Review by Eric Hillis
Directed by: Alexandre Bustillo, Julien Maury
Starring: Stephen Dorff, Lili Taylor, Sam Strike, Vanessa Grasse, Finn Jones
While none of Halloween's sequels could ever match the brilliance of John Carpenter's film, roughly half of them are worthwhile and a cut above (pun intended) the average '80s slasher. Speaking of average '80s slashers, the Friday the 13th franchise has maintained a consistent level of mediocrity in keeping with the lacklustre cash-in that kicked off that series. A Nightmare on Elm Street however is arguably bested by its second sequel, 1987's Dream Warriors.
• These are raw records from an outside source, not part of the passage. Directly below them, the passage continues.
(* Let $R$ be a $\Gamma$-ring, let $R_n$ be the discrete $\Gamma$-ring of $n$-simplices ($R_n(K)=R(K)_n$), and let $G_n$ be the group of invertible elements of the monoid $R_n[1]$; these form a simplicial group $G_\ast$. Let $G_\ast$ act on the simplicial set $FDL(R)_\ast$ (whose $n$-simplices are the formal difference laws in $R_n$) by conjugation $a\cdot r=a\,r\,a^{-1}$, and on the simplicial set $\Gamma(H\mathbb Z,R)_\ast$ (whose $n$-simplices are the multiplicative maps $H\mathbb Z\to R_n$) by conjugation $(a\cdot\phi)(x)=a\,\phi(x)\,a^{-1}$. Then the homotopy orbit simplicial sets $FDL(R)_{hG_\ast}$ and $\Gamma(H\mathbb Z,R)_{hG_\ast}$ are isomorphic.
   Context: Let $[n]=\{0,1,\dots,n\}$, pointed at $0$. A $\Gamma$-space is a functor $F$ from the finite pointed sets $[n]$ (with pointed maps) to pointed simplicial sets with $F[0]$ a point; for a pointed map $f$ we write $f$ also for $F(f)$; $\Sigma_n$ acts on $F[n]$ via permutations of $\{1,\dots,n\}$. We identify $[n]\wedge[m]$ with $[nm]$ via $i\wedge j\mapsto (j-1)n+i$, so for $a\in R[1]$ and $x\in R(K)$ we have $ax, xa\in R(K)$. A $\Gamma$-ring is a $\Gamma$-space $R$ with unit $1\in R[1]$ and associative unital multiplication given by natural maps $R(K)\wedge R(L)\to R(K\wedge L)$, $p\wedge q\mapsto pq$; it is discrete if all $R(K)$ are sets; $0\in R[1]$ denotes the basepoint. For $x\in R[2]$, $x^k\in R[2^k]$ is the $k$-fold product. A multiplicative map of $\Gamma$-rings is a natural transformation preserving units and products. Maps: $p^n_i:[n]\to[n-1]$, $p^n_i(j)=j$ ($j<i$), $p^n_i(i)=0$, $p^n_i(j)=j-1$ ($j>i$); for $1\le i<j\le n$ and $1\le k\le n-1$, $s^n_{i,j,k}:[n]\to[n-1]$ sends $0\mapsto0$, $i,j\mapsto k$, and the remaining elements order-preservingly and bijectively onto $\{1,\dots,n-1\}\setminus\{k\}$; $d^n_j:[n-1]\to[n]$ is the order-preserving injection missing $j$. $H\mathbb{Z}$ is the $\Gamma$-ring with $H\mathbb{Z}(K)$ the reduced free abelian group on $K$, pointed maps acting by summing coefficients along fibres, unit the inclusion of generators, multiplication $(\sum a_k k)(\sum b_l l)=\sum a_kb_l (k\wedge l)$. For $k\ge1$, split $\{1,\dots,2^k\}=A_+\sqcup A_-$ where $i\in A_+$ iff the binary expansion of $i-1$ has an even number of digits $1$. The special action of $\Sigma_{2^{k-1}}\times\Sigma_{2^{k-1}}$ on $F[2^k]$ is the action of the group of permutations of $\{1,\dots,2^k\}$ preserving $A_+$ and $A_-$. Let $\sigma$ be the nontrivial element of $\Sigma_2$. A formal difference law in a discrete $\Gamma$-ring $R$ is $r\in R[2]$ such that: (1) $p^2_2(r)=1$ and $s^2_{1,2,1}(r)=0$; (2) $p^2_1(r)\,r=r\,p^2_1(r)=\sigma(r)$ in $R[2]$; (3) for every $k\ge1$, $r^k$ is fixed under the special action; (4) for every $k\ge1$, all $1\le i<j\le 2^k$ with one of $i,j$ in $A_+$ and the other in $A_-$, and all $1\le l\le 2^k-1$: $s^{2^k}_{i,j,l}(r^k)=d^{2^k-1}_l\,p^{2^k-1}_i\,p^{2^k}_j(r^k)$. *)

theory Defs
  imports Main
begin
inductive_set generated :: "'n::finite cmat set \<Rightarrow> 'n cmat set" for X where
  gen_one: "mat 1 \<in> generated X"
| gen_mult: "x \<in> X \<Longrightarrow> a \<in> generated X \<Longrightarrow> x ** a \<in> generated X"
| gen_inv: "x \<in> X \<Longrightarrow> a \<in> generated X \<Longrightarrow> matrix_inv x ** a \<in> generated X"

definition orbit :: "'n::finite cmat set \<Rightarrow> complex^'n \<Rightarrow> (complex^'n) set" where
  "orbit G x0 = (\<lambda>g. g *v x0) ` G"

definition stab :: "'n::finite cmat set \<Rightarrow> complex^'n \<Rightarrow> 'n cmat set" where
  "stab G x0 = {s \<in> G. s *v x0 = x0}"

definition cond_ddagger :: "'n::finite cmat set \<Rightarrow> 'n cmat set \<Rightarrow> complex^'n \<Rightarrow> bool" where
  "cond_ddagger G X x0 \<longleftrightarrow>
     (\<forall>w \<in> orbit G x0. w \<noteq> x0 \<longrightarrow> (\<exists>c\<in>X. norm (c *v w - x0) < norm (w - x0)))"

definition MG :: "'n::finite cmat set \<Rightarrow> complex^'n \<Rightarrow> complex^'n \<Rightarrow> 'n cmat set" where
  "MG X x0 w = {c \<in> X \<union> {mat 1}. \<forall>d \<in> X \<union> {mat 1}. norm (c *v w - x0) \<le> norm (d *v w - x0)}"

definition delta :: "'n::finite cmat set \<Rightarrow> 'n cmat set \<Rightarrow> complex^'n \<Rightarrow> real" where
  "delta G X x0 = Min {norm (w - x0) - norm (c *v w - x0) | w c.
       w \<in> orbit G x0 - {x0} \<and> c \<in> MG X x0 w}"

definition improves :: "'n::finite cmat \<Rightarrow> complex^'n \<Rightarrow> real \<Rightarrow> complex^'n \<Rightarrow> bool" where
  "improves c x0 d r \<longleftrightarrow> norm (c *v r - x0) < norm (r - x0) - d / 3"

definition can_continue :: "'n::finite cmat set \<Rightarrow> complex^'n \<Rightarrow> real \<Rightarrow> complex^'n \<Rightarrow> bool" where
  "can_continue X x0 d r \<longleftrightarrow> (\<exists>c\<in>X. improves c x0 d r)"

text \<open>Version (A): a list [c1,...,ck] of choices is a valid (partial) run from r.
  Any minimizer may be chosen (arbitrary tie-breaking).\<close>
fun run_A :: "'n::finite cmat set \<Rightarrow> complex^'n \<Rightarrow> real \<Rightarrow> complex^'n \<Rightarrow> 'n cmat list \<Rightarrow> bool" where
  "run_A X x0 d r [] = True"
| "run_A X x0 d r (c # cs) =
     (can_continue X x0 d r \<and> c \<in> X
      \<and> (\<forall>c'\<in>X. norm (c *v r - x0) \<le> norm (c' *v r - x0))
      \<and> run_A X x0 d (c *v r) cs)"

fun run_B :: "'n::finite cmat list \<Rightarrow> complex^'n \<Rightarrow> real \<Rightarrow> complex^'n \<Rightarrow> 'n cmat list \<Rightarrow> bool" where
  "run_B xs x0 d r [] = True"
| "run_B xs x0 d r (c # cs) =
     (can_continue (set xs) x0 d r
      \<and> c = hd (filter (\<lambda>c'. improves c' x0 d r) xs)
      \<and> run_B xs x0 d (c *v r) cs)"

definition apply_run :: "'n::finite cmat list \<Rightarrow> complex^'n \<Rightarrow> complex^'n" where
  "apply_run cs r = fold (\<lambda>c v. c *v v) cs r"

definition run_product :: "'n::finite cmat list \<Rightarrow> 'n cmat" where
  "run_product cs = fold (\<lambda>c acc. c ** acc) cs (mat 1)"

end

theory Submission imports Defs begin

text \<open>Every step of either decoder improves the distance to \<open>x0\<close> by more than \<open>\<delta>/3\<close>, and
  since the group acts isometrically the current vector stays within \<open>\<delta>/3\<close> of the orbit
  point \<open>c\<^sub>k\<cdots>c\<^sub>1 g\<^sup>-\<^sup>1 x0\<close>. If that orbit point differs from \<open>x0\<close>, the best generator for
  it moves it at least \<open>\<delta>\<close> closer to \<open>x0\<close>, hence improves the current vector by more
  than \<open>\<delta>/3\<close>; so at termination the orbit point is \<open>x0\<close>, i.e. \<open>c\<^sub>k\<cdots>c\<^sub>1 \<in> S g\<close>. Likewise
  a vector that can still be improved is more than \<open>2\<delta>/3\<close> from \<open>x0\<close>, and since the
  starting distance is below \<open>2 + \<delta>/3\<close>, at most \<open>6/\<delta>\<close> steps are possible.\<close>

lemma norm_vec_square_complex:
  "complex_of_real ((norm (x::complex^'n::finite))\<^sup>2) = (\<Sum>i\<in>UNIV. x$i * cnj (x$i))"
proof -
  have "(norm x)\<^sup>2 = (\<Sum>i\<in>UNIV. (cmod (x$i))\<^sup>2)"
    unfolding norm_vec_def L2_set_def by (simp add: sum_nonneg)
  then show ?thesis by (simp only: of_real_sum complex_norm_square)
qed

lemma unitary_mat_norm:
  fixes A :: "'n::finite cmat"
  assumes "unitary_mat A"
  shows "norm (A *v v) = norm v"
proof -
  have orthonormal: "(\<Sum>i\<in>UNIV. cnj (A$i$k) * A$i$j) = (if k = j then 1 else 0)" for k j
  proof -
    have "(conj_transpose A ** A)$k$j = mat 1 $k$j" using assms unfolding unitary_mat_def by simp
    then show ?thesis by (simp add: matrix_matrix_mult_def conj_transpose_def mat_def)
  qed
  have "(\<Sum>i\<in>UNIV. (A *v v)$i * cnj ((A *v v)$i))
      = (\<Sum>i\<in>UNIV. \<Sum>k\<in>UNIV. \<Sum>j\<in>UNIV. (v$j * cnj (v$k)) * (cnj (A$i$k) * A$i$j))"
    by (simp add: matrix_vector_mult_def sum_distrib_left sum_distrib_right cnj_sum mult_ac)
  also have "\<dots> = (\<Sum>k\<in>UNIV. \<Sum>j\<in>UNIV. \<Sum>i\<in>UNIV. (v$j * cnj (v$k)) * (cnj (A$i$k) * A$i$j))"
    by (subst sum.swap) (rule sum.cong[OF refl], rule sum.swap)
  also have "\<dots> = (\<Sum>j\<in>UNIV. \<Sum>k\<in>UNIV. \<Sum>i\<in>UNIV. (v$j * cnj (v$k)) * (cnj (A$i$k) * A$i$j))"
    by (rule sum.swap)
  also have "\<dots> = (\<Sum>j\<in>UNIV. \<Sum>k\<in>UNIV. (v$j * cnj (v$k)) * (\<Sum>i\<in>UNIV. cnj (A$i$k) * A$i$j))"
    by (simp add: sum_distrib_left)
  also have "\<dots> = (\<Sum>j\<in>UNIV. v$j * cnj (v$j))"
    by (simp add: orthonormal if_distrib cong: if_cong)
  finally have "complex_of_real ((norm (A *v v))\<^sup>2) = complex_of_real ((norm v)\<^sup>2)"
    by (simp only: norm_vec_square_complex)
  then have "(norm (A *v v))\<^sup>2 = (norm v)\<^sup>2" by (simp only: of_real_eq_iff)
  then show ?thesis by (simp add: power2_eq_iff_nonneg)
qed

lemma unitary_mat_dist:
  "unitary_mat A \<Longrightarrow> norm (A *v v - A *v w) = norm (v - w)"
  by (metis unitary_mat_norm matrix_vector_mult_diff_distrib)
(* For an integer $n>1$ define, for every integer $1<r<n$, $$E^{BW,C}_n(r)=\frac{2r(r-1)}{n^2}\sum_{k=r+1}^{n}\frac{n-k}{(k-1)(k-2)},$$ and let $\mathcal{M}(n)$ be a value of $r$ at which $E^{BW,C}_n$ attains its maximum. Let $$\theta=-\frac{1}{2W_{-1}\!\left(-\frac{1}{2\sqrt e}\right)}=e^{\frac12+W_{-1}\left(-\frac{1}{2\sqrt e}\right)}=0.284668\dots,$$ which is the solution in $(0,1)$ of $2x\log x=x-1$. Then (i) $\lim_{n\to\infty}\mathcal{M}(n)/n=\theta$; (ii) $\lim_{n\to\infty}E^{BW,C}_n(\mathcal{M}(n))=\lim_{n\to\infty}E^{BW,C}_n(\lfloor n\theta\rfloor)=\theta(1-\theta)=0.2036321\dots$.
   Context: $W_{-1}$ denotes the lower real branch of the Lambert $W$ function, i.e. the inverse of $z\mapsto ze^z$ on $(-\infty,-1]$, defined on $[-1/e,0)$. *)

theory Defs
  imports Complex_Main
begin

text \<open>Lower real branch of Lambert W: inverse of z * exp z on (-inf,-1], for y in [-1/e,0).\<close>
definition lambertW_m1 :: "real \<Rightarrow> real" where
  "lambertW_m1 y = (THE z. z \<le> -1 \<and> z * exp z = y)"

definition E_BWC :: "nat \<Rightarrow> nat \<Rightarrow> real" where
  "E_BWC n r = 2 * real r * (real r - 1) / (real n)^2 *
      (\<Sum>k = r+1..n. (real n - real k) / ((real k - 1) * (real k - 2)))"

definition theta :: real where
  "theta = - 1 / (2 * lambertW_m1 (- 1 / (2 * sqrt (exp 1))))"

end

theory Submission
  imports Defs
begin

text \<open>
  Writing the summand as \<open>(n - 2) (1/(k-2) - 1/(k-1)) - 1/(k-1)\<close> telescopes the sum, and the
  remaining harmonic sum is \<open>ln (n/r) + O(1/r)\<close>. Hence \<open>E_BWC n r = E_lim (r/n) + O(1/n)\<close>
  uniformly in \<open>1 < r < n\<close>, where \<open>E_lim x = 2x(1-x) + 2x\<^sup>2 ln x\<close>. As
  \<open>E_lim' x = 2 (2x ln x - x + 1)\<close>, the function \<open>E_lim\<close> is strictly unimodal on \<open>(0,1)\<close>
  with its peak at the root \<open>\<theta>\<close> of \<open>2x ln x = x - 1\<close>, where it equals \<open>\<theta>(1-\<theta>)\<close>.
  The uniform approximation carries the peak value over to \<open>max\<^sub>r E_BWC n r\<close>, and strict
  unimodality then forces \<open>M n / n \<rightarrow> \<theta>\<close>. Substituting \<open>x = exp (1/2 + w)\<close> turns
  \<open>2x ln x = x - 1\<close> into \<open>w e\<^sup>w = -1/(2\<surd>e)\<close>, which identifies \<open>\<theta>\<close> via \<open>W\<^sub>-\<^sub>1\<close>.
\<close>

section \<open>The lower branch of the Lambert W function\<close>

lemma mult_exp_strict_antimono:
  fixes a b :: real
  assumes "a < b" "b \<le> -1"
  shows "b * exp b < a * exp a"
proof (rule DERIV_neg_imp_decreasing_open[OF \<open>a < b\<close>])
  fix x assume "a < x" "x < b"
  have "((\<lambda>z. z * exp z) has_real_derivative (1 + x) * exp x) (at x)"
    by (auto intro!: derivative_eq_intros simp: algebra_simps)
  moreover have "(1 + x) * exp x < 0"
    using \<open>x < b\<close> assms by (intro mult_neg_pos) auto
  ultimately show "\<exists>y. ((\<lambda>z. z * exp z) has_real_derivative y) (at x) \<and> y < 0"
    by blast
qed (intro continuous_intros)

lemma lambertW_m1_solves:
  assumes "- exp (-1) \<le> y" "y < 0"
  shows "lambertW_m1 y \<le> -1 \<and> lambertW_m1 y * exp (lambertW_m1 y) = y"
proof -
  have "eventually (\<lambda>x. x ^ 1 / exp x < - y) at_top"
    using order_tendstoD(2)[OF tendsto_power_div_exp_0, of "- y" 1] \<open>y < 0\<close> by simp
  then obtain x0 where x0: "\<And>x. x0 \<le> x \<Longrightarrow> x / exp x < - y"
    by (auto simp: eventually_at_top_linorder)
  define z where "z = - max x0 1"
  have "- z / exp (- z) < - y"
    unfolding z_def by (rule x0) simp
  then have z: "z \<le> -1" "y \<le> z * exp z"
    unfolding z_def by (auto simp: exp_minus field_simps)
  obtain w where w: "w \<le> -1" "w * exp w = y"
    using IVT2'[of "\<lambda>z. z * exp z" "-1" y z] z assms
    by (force simp: exp_minus field_simps intro: continuous_intros)
  have "lambertW_m1 y = w"
    unfolding lambertW_m1_def
  proof (rule the_equality)
    fix v assume "v \<le> -1 \<and> v * exp v = y"
    then show "v = w"
      using w mult_exp_strict_antimono[of v w] mult_exp_strict_antimono[of w v]
      by (cases v w rule: linorder_cases) auto
  qed (use w in simp)
  with w show ?thesis by simp
qed

section \<open>The constant \<open>\<theta>\<close>\<close>

lemma sqrt_exp_1: "sqrt (exp 1) = exp (1 / 2 :: real)"
proof -
  have "exp 1 = (exp (1 / 2 :: real))\<^sup>2"
    by (simp add: power2_eq_square flip: exp_add)
  then show ?thesis by simp
qed

lemma theta_lambertW_m1:
  obtains w where "w = lambertW_m1 (- 1 / (2 * sqrt (exp 1)))" "theta = - 1 / (2 * w)"
    "w \<le> -1" "w * exp w = - 1 / (2 * exp (1 / 2))"
proof -
  have "exp 1 = exp (1 / 2) * exp (1 / 2 :: real)"
    by (simp flip: exp_add)
  also have "\<dots> \<le> 2 * exp (1 / 2)"
    using exp_half_le2 by (intro mult_right_mono) auto
  finally have "exp 1 \<le> 2 * exp (1 / 2 :: real)" .
  then have "- exp (-1) \<le> - 1 / (2 * exp (1 / 2 :: real))"
    by (simp add: exp_minus field_simps)
  then show ?thesis
    using that lambertW_m1_solves[of "- 1 / (2 * exp (1 / 2))"] by (simp add: theta_def sqrt_exp_1)
qed

lemma theta_pos: "0 < theta"
  and theta_le_half: "theta \<le> 1 / 2"
proof -
  obtain w where w: "theta = - 1 / (2 * w)" "w \<le> -1"
    using theta_lambertW_m1 by metis
  show "0 < theta"
    unfolding w(1) by (rule divide_neg_neg) (use w(2) in auto)
  have "- 1 / (2 * w) \<le> 1 / 2"
    using w(2) by (simp add: field_simps)
  with w(1) show "theta \<le> 1 / 2"
    by simp
qed

lemma theta_less_1: "theta < 1"
  using theta_le_half by simp

lemma theta_eq_exp: "theta = exp (1 / 2 + lambertW_m1 (- 1 / (2 * sqrt (exp 1))))"
proof (rule theta_lambertW_m1)
  fix w assume w: "w = lambertW_m1 (- 1 / (2 * sqrt (exp 1)))" "theta = - 1 / (2 * w)"
    "w \<le> -1" "w * exp w = - 1 / (2 * exp (1 / 2))"
  then have "exp w = - 1 / (2 * exp (1 / 2) * w)"
    by (simp add: field_simps)
  then show ?thesis
    using w by (simp add: exp_add)
qed

lemma theta_root: "2 * theta * ln theta = theta - 1"
proof (rule theta_lambertW_m1)
  fix w assume w: "w = lambertW_m1 (- 1 / (2 * sqrt (exp 1)))" "theta = - 1 / (2 * w)"
    "w \<le> -1" "w * exp w = - 1 / (2 * exp (1 / 2))"
  have "ln theta = 1 / 2 + w"
    using w(1) by (simp add: theta_eq_exp)
  then show ?thesis
    using w(2,3) by (simp add: field_simps)
qed

definition theta_eqn :: "real \<Rightarrow> real" where
  "theta_eqn x = 2 * x * ln x - x + 1"

lemma has_real_derivative_theta_eqn:
  "0 < x \<Longrightarrow> (theta_eqn has_real_derivative 2 * ln x + 1) (at x)"
  unfolding theta_eqn_def by (auto intro!: derivative_eq_intros)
In contrast, none of the sequels/prequels to The Texas Chain Saw Massacre have come remotely close to equalling the visceral thrills of the late Tobe Hooper's era-defining 1974 shocker.
That trend continues with Leatherface, which like Rob Zombie's ill-advised Halloween reboot, seeks to proffer an origin story for the franchise's iconic killer, revealing the face behind the human skin mask.
This unnecessary tale begins in 1955, as the infamous Sawyer family are celebrating the birthday of the youngest member of their brood, Jedidiah. Despite the urging of his mother, Verna (Lili Taylor), the young boy refuses to murder a captive man, but later he takes part in the luring and killing of a teenage girl, who just happens to be the daughter of local Sheriff Hartman (Stephen Dorff). Jedidiah is subsequently taken from his family and placed in the Gorman House Youth Reformery.
A decade later and young nurse Elizabeth (Vanessa Grasse) takes a new post at the same institution, befriending two male teenage inmates, Bud and Jackson, one of whom may be the grown up Jedidiah under a new name. When Verna arrives with a lawyer, demanding to see her boy for the first time since he was taken away from her, she initiates a violent breakout, which results in Elizabeth, Bud and Jackson being taken hostage by a violent couple.
The directors of this eighth instalment in the franchise are Alexandre Bustillo and Julien Maury, a filmmaking duo best known for their 2007 thriller Inside (look out for a US remake arriving in 2018), a cornerstone of the New French Extremity movement of the '00s. Unlike Hooper, who managed to fool his audience into thinking they were watching a sangre-soaked movie without actually spilling a drop of blood on screen, Bustillo and Maury bring their Gallic gore aesthetic very much to play here. The working title for Hooper's film was 'Head Cheese', but 'Head Trauma' would be more fitting for this one, with the French duo delivering an endless parade of noggin-related violence, with heads blown apart by gunshots, severed by car doors, slammed through glass windows and collapsing like water-melons under boot-stompings.
Despite the over the top nature of the violence and the cartoonish character of the storyline, it's all played with a poker face, and there's no fun to be had watching a dull Natural Born Killers knock-off that doesn't deliver on its title until its closing minutes. Given their reputation, Bustillo and Maury give us a movie severely lacking in style, though we do get the customary striking New French Extremity image of a young woman covered head to toe in blood thanks to a scene that riffs on Seraphim Falls and The Revenant.
Anyone familiar with Rob Zombie's addition to Halloween lore will be unsurprised that Bustillo and Maury's attempt to add a backstory to a franchise that simply doesn't need one fails to pay off. Leatherface was scary because of his ambiguity, not in spite of it. Like Michael Myers' repurposed Shatner mask, the iconic flesh and thread mask originally worn by Gunnar Hansen allowed us to project our own fears onto its blankness. Here we simply get an insight into the fears of Bustillo and Maury, who seem to share an innate dread of head trauma.
Leatherface is on VOD December 18th and DVD January 8th.